Olivia arrives at Lugo’s home in Edison, New Jersey, a place she knows well from when she hung out with Lugo and his wife during her Marine years. Except—oops! — when Lugo’s estranged wife doesn’t recognize Olivia but confirms some memories she has, Olivia realizes John’s memories and her own have become so enmeshed, she can’t tell them apart anymore. Meanwhile, at Massive Dynamic, a scientist informs Nina Sharp that they’ve hit a wall retrieving John’s memories. Sharp’s not happy. Later, the scientist figures out that some of John’s memories may be in Olivia’s mind. Sharp gets a look on her face like she’s plotting something really evil.
At Harvard, Walter examines Lugo’s hand and theorizes that the bank crew used high-powered vibration to make the wall’s molecular structure permeable. The unfortunate side effect? Radiation poisoning. Peter and Olivia go to a bar to talk to Lugo’s friend; when that lead turns up dry, they drink and talk about Olivia’s uncanny ability to remember any number she sees. She rattles off the numbers of the missing safe-deposit boxes and Peter realizes they’re part of the Fibonacci sequence: Each is the sum of the previous two. When they tell Walter, he realizes that the boxes are his, taken out under pseudonyms, but he can’t remember why.
After the FBI crew misses another of Loeb’s jobs—this one in Providence, Rhode Island—they do manage to catch one of the team members. He’s a former Marine, one of Lugo’s pals from the VA Hospital, and Peter correctly diagnoses him with radiation sickness. The man claims not to know Loeb or what he’s doing, saying he was only hired as a freelance goon, but does remember something about meeting up at a field in Westford, Massachusetts. Olivia goes to a map and finds Little Hill Field there, and connects the dots.
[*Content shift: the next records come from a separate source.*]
lemma measurable_kakutani_lengths:
  fixes V :: "nat \<Rightarrow> 's \<Rightarrow> real" and g :: "real \<Rightarrow> real"
  assumes "\<And>i. i \<in> {1..n} \<Longrightarrow> V i \<in> borel_measurable S"
  shows "(\<lambda>s. max_length (\<lambda>i. V i s) n) \<in> borel_measurable S"
    and "g \<in> borel_measurable borel \<Longrightarrow>
      (\<lambda>s. \<Sum>x\<in>#kakutani_lengths (\<lambda>i. V i s) n. g x) \<in> borel_measurable S"
proof -
  \<comment> \<open>the maximum is controlled by indicator sums, whose recursion involves the previous maximum\<close>
  have "(\<forall>g::real \<Rightarrow> real. g \<in> borel_measurable borel \<longrightarrow>
      (\<lambda>s. \<Sum>x\<in>#kakutani_lengths (\<lambda>i. V i s) n. g x) \<in> borel_measurable S) \<and>
    (\<lambda>s. max_length (\<lambda>i. V i s) n) \<in> borel_measurable S"
    using assms
  proof (induction n)
    case 0
    then show ?case by simp
  next
    case (Suc n)
    then have sum_n: "\<And>g::real \<Rightarrow> real. g \<in> borel_measurable borel \<Longrightarrow>
        (\<lambda>s. \<Sum>x\<in>#kakutani_lengths (\<lambda>i. V i s) n. g x) \<in> borel_measurable S"
      and [measurable]: "(\<lambda>s. max_length (\<lambda>i. V i s) n) \<in> borel_measurable S"
      and [measurable]: "V (Suc n) \<in> borel_measurable S"
      by auto
    have sum_Suc: "(\<lambda>s. \<Sum>x\<in>#kakutani_lengths (\<lambda>i. V i s) (Suc n). g x) \<in> borel_measurable S"
      if [measurable]: "g \<in> borel_measurable borel" for g :: "real \<Rightarrow> real"
    proof -
      note sum_n[OF that, measurable]
      show ?thesis unfolding sum_kakutani_lengths_Suc by measurable
    qed
    moreover have "(\<lambda>s. max_length (\<lambda>i. V i s) (Suc n)) \<in> borel_measurable S"
      by (intro borel_measurable_Max_mset kakutani_lengths_nonempty sum_Suc) simp
    ultimately show ?case by blast
  qed
  then show "(\<lambda>s. max_length (\<lambda>i. V i s) n) \<in> borel_measurable S"
    and "g \<in> borel_measurable borel \<Longrightarrow>
      (\<lambda>s. \<Sum>x\<in>#kakutani_lengths (\<lambda>i. V i s) n. g x) \<in> borel_measurable S"
    by blast+
qed

section \<open>The potential\<close>

definition length_potential :: "real \<Rightarrow> real \<Rightarrow> real" where
  "length_potential t x = (if t < x then 2 * x / t - 1 else 0)"

definition split_change :: "real \<Rightarrow> real \<Rightarrow> real \<Rightarrow> real" where
  "split_change t m v =
     length_potential t (m * v) + length_potential t (m * (1 - v)) - length_potential t m"

definition tilt :: real where
  "tilt = 1 / 72"

\<comment> \<open>\<open>decay_rate = tilt / 4 - 9 * tilt\<^sup>2\<close>\<close>
definition decay_rate :: real where
  "decay_rate = 1 / 576"

lemma length_potential_nonneg: "0 < t \<Longrightarrow> 0 \<le> length_potential t x"
  by (auto simp: length_potential_def field_simps)

lemma length_potential_measurable [measurable]: "length_potential t \<in> borel_measurable borel"
  unfolding length_potential_def by measurable

lemma length_potential_bounds:
  assumes "0 < t" "0 \<le> x"
  shows "2 * x / t - 2 \<le> length_potential t x" and "length_potential t x \<le> 2 * x / t"
    and "length_potential t x \<le> 2 * x / t - 1 + (indicator {..t/4} x + indicator {..t/2} x) / 2"
  using assms by (auto simp: length_potential_def field_simps indicator_def)

lemma exp_le_quadratic:
  fixes y :: real
  assumes "\<bar>y\<bar> \<le> 1"
  shows "exp y \<le> 1 + y + y\<^sup>2"
proof (cases "0 \<le> y")
  case True
  then show ?thesis using exp_bound[of y] assms by auto
next
  case False
  have "1 - y \<le> exp (- y)"
    using exp_ge_add_one_self[of "- y"] by simp
  then have "exp y \<le> 1 / (1 - y)"
    using False by (simp add: exp_minus field_simps)
  also have "\<dots> \<le> 1 + y + y\<^sup>2"
  proof -
    have "(1 - y) * (1 + y + y\<^sup>2) = 1 - y ^ 3"
      by (simp add: algebra_simps power2_eq_square power3_eq_cube)
    moreover have "y ^ 3 < 0"
      using False by simp
    ultimately have "1 \<le> (1 + y + y\<^sup>2) * (1 - y)"
      by (simp add: mult.commute)
    then show ?thesis
      using False by (simp add: divide_le_eq)
  qed
  finally show ?thesis .
qed

lemma exp_tilt_split_change_le:
  assumes t: "0 < t" and m: "t < m" and v: "0 \<le> v" "v \<le> 1"
  shows "exp (tilt * split_change t m v) \<le> 1 - tilt + 9 * tilt\<^sup>2 + tilt / 2 *
    (indicator {..t/(4*m)} v + indicator {..t/(2*m)} v +
     indicator {1 - t/(4*m)..} v + indicator {1 - t/(2*m)..} v)"
    (is "_ \<le> _ + tilt / 2 * ?D")
proof -
  have "0 < m" using t m by simp
  then have x: "0 \<le> m * v" "0 \<le> m * (1 - v)" using v by auto
  have ind: "indicator {..s} (m * v) = (indicator {..s/m} v :: real)"
    "indicator {..s} (m * (1 - v)) = (indicator {1 - s/m..} v :: real)" for s
    using \<open>0 < m\<close> by (simp_all add: indicator_def field_simps)
  have potential_at_m: "length_potential t m = 2 * m / t - 1"
    using m by (simp add: length_potential_def)
  have lengths: "2 * (m * v) / t + 2 * (m * (1 - v)) / t = 2 * m / t"
    using t by (simp add: field_simps)
  note lo = length_potential_bounds[OF t x(1)] and hi = length_potential_bounds[OF t x(2)]
  have "\<bar>split_change t m v\<bar> \<le> 3"
    using lo(1,2) hi(1,2) lengths potential_at_m unfolding split_change_def by linarith
  then have y: "\<bar>tilt * split_change t m v\<bar> \<le> 3 * tilt"
    by (simp add: tilt_def abs_mult)
  \<comment> \<open>\<open>2 x / t\<close> is additive, so splitting costs 1 unless a piece has length at most \<open>t / 2\<close>\<close>
  have "split_change t m v \<le> -1 + ?D / 2"
    using lo(3) hi(3) lengths potential_at_m
    unfolding split_change_def ind(1,2)[of "t/4"] ind(1,2)[of "t/2"] divide_divide_eq_left
    by argo
  then have "tilt * split_change t m v \<le> - tilt + tilt / 2 * ?D"
    by (simp add: tilt_def field_simps)
  moreover have "(tilt * split_change t m v)\<^sup>2 \<le> 9 * tilt\<^sup>2"
    using y abs_le_square_iff[of "tilt * split_change t m v" "3 * tilt"]
    by (simp add: tilt_def power2_eq_square)
  moreover have "exp (tilt * split_change t m v) \<le>
      1 + tilt * split_change t m v + (tilt * split_change t m v)\<^sup>2"
    using y by (intro exp_le_quadratic) (simp add: tilt_def)
  ultimately show ?thesis by linarith
qed

abbreviation uniform01 :: "real measure" where
  "uniform01 \<equiv> uniform_measure lborel {0..1}"

lemma prob_space_uniform01: "prob_space uniform01"
  by (rule prob_space_uniform_measure) auto

lemma measure_uniform01_atMost: "0 \<le> x \<Longrightarrow> x \<le> 1 \<Longrightarrow> measure uniform01 {..x} = x"
proof -
  assume "0 \<le> x" "x \<le> 1"
  then have "{0..1} \<inter> {..x} = {0..x}" by auto
  then show ?thesis using \<open>0 \<le> x\<close> by simp
qed

lemma measure_uniform01_atLeast: "0 \<le> x \<Longrightarrow> x \<le> 1 \<Longrightarrow> measure uniform01 {x..} = 1 - x"
proof -
  assume "0 \<le> x" "x \<le> 1"
  then have "{0..1} \<inter> {x..} = {x..1}" by auto
  then show ?thesis using \<open>x \<le> 1\<close> by simp
qed

lemma nn_integral_exp_tilt_split_change_le:
  assumes t: "0 < t" and m: "t < m"
  shows "(\<integral>\<^sup>+v. ennreal (exp (tilt * split_change t m v)) \<partial>uniform01) \<le>
    ennreal (exp (- decay_rate))"
proof -
  interpret unif: prob_space uniform01 by (rule prob_space_uniform01)
  define a b where "a = t / (4 * m)" and "b = t / (2 * m)"
  have ab: "0 \<le> a" "a \<le> 1" "0 \<le> b" "b \<le> 1" "a + b \<le> 3 / 4"
    using t m by (simp_all add: a_def b_def field_simps)
  define F where "F v = 1 - tilt + 9 * tilt\<^sup>2 + tilt / 2 *
    (indicator {..a} v + indicator {..b} v + indicator {1 - a..} v + indicator {1 - b..} v)" for v
  have ind: "integrable uniform01 (indicator A :: real \<Rightarrow> real)" if "A \<in> sets borel" for A
    using that unif.emeasure_finite[of A]
    by (intro integrable_real_indicator) (auto simp: less_top[symmetric])
  have "integrable uniform01 F"
    unfolding F_def
    by (intro Bochner_Integration.integrable_add Bochner_Integration.integrable_mult_right
        unif.integrable_const ind) auto
  have "(\<integral>\<^sup>+v. ennreal (exp (tilt * split_change t m v)) \<partial>uniform01) \<le>
      (\<integral>\<^sup>+v. ennreal (F v) \<partial>uniform01)"
    by (intro nn_integral_mono_AE AE_uniform_measureI AE_I2 impI ennreal_leI)
      (use exp_tilt_split_change_le[OF t m] in \<open>auto simp: F_def a_def b_def\<close>)
  also have "\<dots> = ennreal (integral\<^sup>L uniform01 F)"
    by (rule nn_integral_eq_integral[OF \<open>integrable uniform01 F\<close>]) (simp add: F_def tilt_def)
  also have "integral\<^sup>L uniform01 F = 1 - tilt + 9 * tilt\<^sup>2 + tilt * (a + b)"
    using ab ind unif.prob_space unfolding F_def
    by (simp add: measure_uniform01_atMost measure_uniform01_atLeast algebra_simps
        del: measure_uniform_measure)
  also have "\<dots> \<le> 1 - decay_rate"
    using ab by (simp add: tilt_def decay_rate_def power2_eq_square)
  also have "\<dots> \<le> exp (- decay_rate)"
    using exp_ge_add_one_self[of "- decay_rate"] by simp
  finally show ?thesis
    by (simp add: ennreal_leI)
qed

section \<open>The survival weight\<close>

definition potential :: "real \<Rightarrow> (nat \<Rightarrow> real) \<Rightarrow> nat \<Rightarrow> real" where
  "potential t u n = (\<Sum>x\<in>#kakutani_lengths u n. length_potential t x)"

definition stays_above :: "real \<Rightarrow> (nat \<Rightarrow> real) \<Rightarrow> nat \<Rightarrow> bool" where
  "stays_above t u n \<longleftrightarrow> (\<forall>j\<in>{..n}. t < max_length u j)"

definition survival_weight :: "real \<Rightarrow> (nat \<Rightarrow> real) \<Rightarrow> nat \<Rightarrow> real" where
  "survival_weight t u n =
     (if stays_above t u n then exp (tilt * potential t u n + decay_rate * n) else 0)"

lemma potential_nonneg: "0 < t \<Longrightarrow> 0 \<le> potential t u n"
  unfolding potential_def using sum_mset_mono[of _ "\<lambda>_. 0" "length_potential t"]
  by (simp add: length_potential_nonneg)

lemma survival_weight_nonneg: "0 \<le> survival_weight t u n"
  by (simp add: survival_weight_def)

lemma survival_weight_cong:
  assumes "\<And>i. i \<in> {1..n} \<Longrightarrow> u i = u' i"
  shows "survival_weight t u n = survival_weight t u' n"
proof -
  have "kakutani_lengths u j = kakutani_lengths u' j" if "j \<le> n" for j
    using assms that by (intro kakutani_lengths_cong) auto
  then show ?thesis
    by (simp add: survival_weight_def potential_def stays_above_def)
qed

lemma measurable_survival_weight:
  fixes V :: "nat \<Rightarrow> 's \<Rightarrow> real"
  assumes V: "\<And>i. i \<in> {1..n} \<Longrightarrow> V i \<in> borel_measurable S"
  shows "Measurable.pred S (\<lambda>s. stays_above t (\<lambda>i. V i s) n)"
    and "(\<lambda>s. survival_weight t (\<lambda>i. V i s) n) \<in> borel_measurable S"
proof -
  show stays [measurable]: "Measurable.pred S (\<lambda>s. stays_above t (\<lambda>i. V i s) n)"
    unfolding stays_above_def
  proof (intro pred_intros_finite)
    fix j assume "j \<in> {..n}"
    then have [measurable]: "(\<lambda>s. max_length (\<lambda>i. V i s) j) \<in> borel_measurable S"
      using V by (intro measurable_kakutani_lengths) auto
    show "Measurable.pred S (\<lambda>s. t < max_length (\<lambda>i. V i s) j)"
      by measurable
  qed simp
  have [measurable]: "(\<lambda>s. potential t (\<lambda>i. V i s) n) \<in> borel_measurable S"
    unfolding potential_def using V by (intro measurable_kakutani_lengths) auto
  show "(\<lambda>s. survival_weight t (\<lambda>i. V i s) n) \<in> borel_measurable S"
    unfolding survival_weight_def by measurable
qed

lemma survival_weight_0_le: "0 < t \<Longrightarrow> survival_weight t u 0 \<le> exp (2 * tilt / t)"
  by (auto simp: survival_weight_def potential_def length_potential_def tilt_def)

lemma survival_weight_Suc_le:
  "survival_weight t u (Suc n) \<le> (if t < max_length u n
     then survival_weight t u n * exp (decay_rate + tilt * split_change t (max_length u n) (u (Suc n)))
     else 0)"
proof (cases "stays_above t u (Suc n)")
  case True
  then have "stays_above t u n" "t < max_length u n"
    by (auto simp: stays_above_def)
  moreover have "potential t u (Suc n) =
      potential t u n + split_change t (max_length u n) (u (Suc n))"
    unfolding potential_def split_change_def sum_kakutani_lengths_Suc by simp
  ultimately show ?thesis
    using True by (simp add: survival_weight_def algebra_simps exp_add[symmetric])
qed (simp add: survival_weight_def)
In Germany, Jones again meets with his lawyer and asks him to procure one more thing: Olivia. Eew.
At the lab, Walter remembers that Peter was deathly ill as a child. In an effort to find the one man who could help him, even though he’d been dead for years, Walter invented a machine that “in theory, could retrieve anyone from anywhere,” he recalls. But when Peter recovered on his own, the machine wasn’t necessary. The pieces, he posits, may be in the boxes Loeb’s men stole.
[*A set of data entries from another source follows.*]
(* For every $P\in\Delta_{BD}$ and every $\varepsilon>0$ there exists a finite partition $\{C_1,\dots,C_n\}$ of $\Omega$ such that each $C_i$ is a cylinder and $P(C_i)\le\varepsilon$ for each $i$.
   Context: Let $\Omega=\{0,1\}^{\mathbb N}$; $\omega^t$ is the cylinder of paths agreeing with $\omega$ in the first $t$ coordinates (cylinders have varying lengths). $\Sigma$ is a fixed $\sigma$-algebra containing all cylinders; $\mathbb P$ the finitely additive probabilities on $(\Omega,\Sigma)$. $P$ is strongly nonatomic if for every $E\in\Sigma$, $\alpha\in[0,1]$ there is $F\in\Sigma$, $F\subseteq E$, $P(F)=\alpha P(E)$. $R(E\mid\omega^t)=R(E\cap\omega^t)/R(\omega^t)$ when $R(\omega^t)>0$. $P$ merges with $Q$ if for every $\varepsilon>0$, $Q(\{\omega:\sup_{E\in\Sigma}|P(E\mid\omega^t)-Q(E\mid\omega^t)|>\varepsilon\})\to0$ as $t\to\infty$ (cylinders with $Q(\omega^t)>0=P(\omega^t)$ counted in the set). $Q\ll P$: $P(E_n)\to0$ implies $Q(E_n)\to0$ for every sequence in $\Sigma$. $\Delta_{BD}$ is the set of strongly nonatomic $P\in\mathbb P$ that merge with every $Q\in\mathbb P$ with $Q\ll P$. *)

theory Defs
  imports "HOL-Analysis.Analysis"
begin

type_synonym path = "nat \<Rightarrow> bool"

definition cyl :: "path \<Rightarrow> nat \<Rightarrow> path set" where
  "cyl \<omega> t = {\<omega>'. \<forall>i<t. \<omega>' i = \<omega> i}"

definition is_cylinder :: "path set \<Rightarrow> bool" where
  "is_cylinder C \<longleftrightarrow> (\<exists>\<omega> t. C = cyl \<omega> t)"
Indeed, at Little Hill Field, Loeb’s men have the device all set up. In Germany, Jones meets with his lawyer one more time, snaps his neck, and dons the dead man’s suit. He steps into the corner, rubs some sunblock on his face, pops a pill, and waits … as a light starts to shine around him. Back in America, Olivia’s on her way to the field when a car runs her off the road. Men jump out and tranquilize her, then carry her away. All of a sudden, Jones appears in Little Hill Field. Loeb meets him and gives him the news he wants to hear. “Well then,” Jones says, all smarmy and creepy. “Let’s not keep her waiting.”
Broyles calls Sharp to tell her Olivia’s missing. When he implies that Sharp’s got her stashed somewhere, she falls all over herself denying it. Might the lady protest too much?
THE BOTTOM LINE: By manipulating molecules to gain a specific result, Robert Jones, Mitchell Loeb, and their ilk are playing God—yet there’s very little question of whether they’re the good guys or the bad guys. Walter’s recollection about why the transporting device was first built (to save Peter’s life) puts him in the same category. Whether the machine is built to save a little boy’s life or to amass personal wealth and stature seems to be moot when such deity-like powers are up for grabs.
[Editor’s note: This will be the last Fringe recap for 2008. New episodes begin in January.]